Nor would they, contemporarily, identify the Navy.

Much has changed since the ship left the surface in October 1944.

In just the past few years, as an extension of America, our military has wholly taken new form:

Report: Navy Says Sailors Can Use Whichever Locker Room Suits Their Gender Identity

Soldiers May Be Allowed to Transfer From States That Don’t Affirm Their Gender Identities

US Army Mandates Training to Help Soldiers Shake off Their Sex ‘Assigned at Birth’

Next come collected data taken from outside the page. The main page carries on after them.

text \<open>No measurability of \<open>J\<close> is assumed, and a non-measurable set has measure \<open>0\<close>. So the
  argument below plays off executions after \<open>c\<close>, which make \<open>J \<inter> {..<x}\<close> non-measurable,
  against gaps in \<open>J\<close> after \<open>r\<close>, which make it measurable because its measure is positive.\<close>

lemma execution_prefix_not_measurable:
  assumes "x \<in> J" "c \<le> x"
  shows "J \<inter> {..<x} \<notin> sets lebesgue"
proof
  assume meas: "J \<inter> {..<x} \<in> sets lebesgue"
  have "ennreal E \<le> emeasure lebesgue (S \<inter> {r..<c})" using complete S_borel by simp
  also have "\<dots> \<le> emeasure lebesgue (J \<inter> {..<x})"
    using supply_before_completion_executed assms(2) meas by (intro emeasure_mono) auto
  finally show False using J_unfinished[OF assms(1)] by simp
qed

lemma execution_prefix_measurable_at_gap:
  assumes "x \<in> S" "r \<le> x" "x \<notin> J"
  shows "J \<inter> {..<x} \<in> sets lebesgue"
proof -
  have "emeasure lebesgue (J \<inter> {..<x}) \<noteq> 0" using J_greedy assms E_pos by force
  then show ?thesis using emeasure_notin_sets by blast
qed
lemma orthogonal_frame_if_basis:
  assumes B: "orthogonal_basis_on b UNIV B"
  obtains e where "orthogonal_frame b (dim (UNIV::'v set)) e" and "e ` {..<dim (UNIV::'v set)} = B"
proof -
  have fin: "finite B" and orth: "\<And>x y. x \<in> B \<Longrightarrow> y \<in> B \<Longrightarrow> x \<noteq> y \<Longrightarrow> b x y = 0"
    and nz: "\<And>x. x \<in> B \<Longrightarrow> b x x \<noteq> 0" and exp: "\<And>v. v = (\<Sum>x\<in>B. (b v x / b x x) *\<^sub>R x)"
    using B unfolding orthogonal_basis_on_def by auto
  have "independent B"
  proof (rule independent_if_scalars_zero[OF fin])
    fix f x assume h: "(\<Sum>x\<in>B. f x *\<^sub>R x) = 0" and x: "x \<in> B"
    have "0 = b (\<Sum>y\<in>B. f y *\<^sub>R y) x" using h by simp
    also have "\<dots> = (\<Sum>y\<in>B. f y * b y x)" by (simp add: lsum lscale)
    also have "\<dots> = (\<Sum>y\<in>B. if y = x then f x * b x x else 0)"
      by (rule sum.cong) (auto simp: orth x)
    finally show "f x = 0" using fin x nz[OF x] by simp
  qed
  moreover have "span B = UNIV"
    using exp by (metis (no_types, lifting) UNIV_I span_base span_scale span_sum subsetI subset_antisym)
  ultimately have dim: "dim (UNIV::'v set) = card B" using dim_eq_card[of B UNIV] by simp
  obtain h where h: "bij_betw h {..<card B} B"
    using ex_bij_betw_nat_finite[OF fin] by (auto simp: lessThan_atLeast0)
  then have hB: "h i \<in> B" and hinj: "h i = h j \<longleftrightarrow> i = j"
    if "i < card B" "j < card B" for i j
    using that by (auto simp: bij_betw_def inj_on_eq_iff)
  have "(\<Sum>i<card B. (b v (h i) / b (h i) (h i)) *\<^sub>R h i) = v" for v
    using sum.reindex_bij_betw[OF h, of "\<lambda>x. (b v x / b x x) *\<^sub>R x"] exp[of v] by simp
  then have "orthogonal_frame b (dim (UNIV::'v set)) h"
    unfolding orthogonal_frame_def dim using hB hinj orth nz by auto
  moreover have "h ` {..<dim (UNIV::'v set)} = B" using h dim by (simp add: bij_betw_def)
  ultimately show ?thesis by (rule that)
qed
lemma indist_le_distr:
  assumes PQ: "indist_le \<epsilon> \<delta> N P Q" and sets_P: "sets P = sets N" and sets_Q: "sets Q = sets N"
    and f: "f \<in> N \<rightarrow>\<^sub>M N'"
  shows "indist_le \<epsilon> \<delta> N' (distr P N' f) (distr Q N' f)"
  unfolding indist_le_def
proof
  fix S assume "S \<in> sets N'"
  then have "f -` S \<inter> space N \<in> sets N" by (rule measurable_sets[OF f])
  then show "measure (distr P N' f) S \<le> exp \<epsilon> * measure (distr Q N' f) S + \<delta>"
    using PQ \<open>S \<in> sets N'\<close> f sets_eq_imp_space_eq[OF sets_P] sets_eq_imp_space_eq[OF sets_Q]
    by (simp add: indist_le_def measure_distr measurable_cong_sets[OF sets_P refl]
        measurable_cong_sets[OF sets_Q refl])
qed

lemma integrable_prob_algebra_bounded:
  fixes f :: "'a \<Rightarrow> real"
  assumes P: "P \<in> space (prob_algebra F)" and f: "f \<in> borel_measurable F"
    and bounded: "\<And>x. x \<in> space F \<Longrightarrow> \<bar>f x\<bar> \<le> B"
  shows "integrable P f"
proof -
  have "sets P = sets F" and "prob_space P" using P by (auto simp: space_prob_algebra)
  then show ?thesis
    using f bounded sets_eq_imp_space_eq[of P F]
    by (intro finite_measure.integrable_const_bound[where B=B])
       (auto simp: prob_space_def measurable_cong_sets[of P F])
qed

lemma measure_bind_prob_algebra:
  assumes P: "P \<in> space (prob_algebra F)" and R: "R \<in> F \<rightarrow>\<^sub>M prob_algebra N"
    and T: "T \<in> sets N"
  shows "measure (P \<bind> R) T = (\<integral>x. measure (R x) T \<partial>P)"
proof -
  have sets_P: "sets P = sets F" using P by (simp add: space_prob_algebra)
  have R_prob: "prob_space (R x)" if "x \<in> space F" for x
    using measurable_space[OF R that] by (simp add: space_prob_algebra)
  have "emeasure (P \<bind> R) T = (\<integral>\<^sup>+x. emeasure (R x) T \<partial>P)"
    by (rule emeasure_bind_prob_algebra[OF P R T])
  also have "\<dots> = (\<integral>\<^sup>+x. ennreal (measure (R x) T) \<partial>P)"
    using R_prob sets_eq_imp_space_eq[OF sets_P]
    by (intro nn_integral_cong) (simp add: prob_space_def finite_measure.emeasure_eq_measure)
  also have "\<dots> = ennreal (\<integral>x. measure (R x) T \<partial>P)"
    using R_prob T
    by (intro nn_integral_eq_integral integrable_prob_algebra_bounded[OF P, where B=1])
       (auto intro: measurable_compose[OF R] simp: prob_space.prob_le_1)
  finally show ?thesis
    unfolding measure_def by (simp add: integral_nonneg_AE)
qed

lemma staircase_bounds:
  fixes y :: real
  assumes y: "0 \<le> y" "y \<le> 1" and n: "n > 0"
  shows "(\<Sum>k\<in>{1..n}. of_bool (real k \<le> real n * y)) / real n \<le> y"
    and "y - 1 / real n \<le> (\<Sum>k\<in>{1..n}. of_bool (real k \<le> real n * y)) / real n"
proof -
  define q where "q = real (nat \<lfloor>real n * y\<rfloor>)"
  have "real n * y \<le> real n"
    using y by (simp add: mult_left_le)
  moreover have "real k \<le> real n * y \<longleftrightarrow> k \<le> nat \<lfloor>real n * y\<rfloor>" for k
    using y by (simp add: le_nat_iff le_floor_iff)
  ultimately have "{1..n} \<inter> {k. real k \<le> real n * y} = {1..nat \<lfloor>real n * y\<rfloor>}"
    by force
  then have sum_eq: "(\<Sum>k\<in>{1..n}. of_bool (real k \<le> real n * y)) = q"
    by (simp add: q_def)
  have "0 \<le> real n * y"
    using y by simp
  then have "q \<le> real n * y" "real n * y - 1 \<le> q"
    unfolding q_def by linarith+
  with n show "(\<Sum>k\<in>{1..n}. of_bool (real k \<le> real n * y)) / real n \<le> y"
    unfolding sum_eq by (simp add: pos_divide_le_eq algebra_simps)
  have "y - 1 / real n = (real n * y - 1) / real n"
    using n by (simp add: field_simps)
  with \<open>real n * y - 1 \<le> q\<close> n
  show "y - 1 / real n \<le> (\<Sum>k\<in>{1..n}. of_bool (real k \<le> real n * y)) / real n"
    unfolding sum_eq by (simp add: divide_right_mono)
qed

Military Generals Call for Increased Diversity, Encourage More Women in Combat

US Army Revolutionizes Its Fitness Standards so Girls Can Pass

Nevada Air Force Base Hosts Drag Show, and It’s Part of a Softer, Gentler Military

It’s been said no one can truly prepare for war, but the men of the Sammy B were doubtlessly more ready than would be today’s young men.

For a very long time in America, there existed a notion: The military will make you tough.


I’m not certain that idea will stay afloat. Similar to the Sammy B, it’s destined to be buried by a sea of change.

But what a sight to behold the USS Samuel B. Roberts. And for friends and families of 89 brave sailors, may the discovery of their last battle site bring something resembling peace.

From NBC News, a call to old-school heroes:

Despite being outgunned, the Sammy B attacked [the Japanese fleet]…before sinking under fire in the Philippine Sea, earning it a description as “the destroyer escort that fought like a battleship.”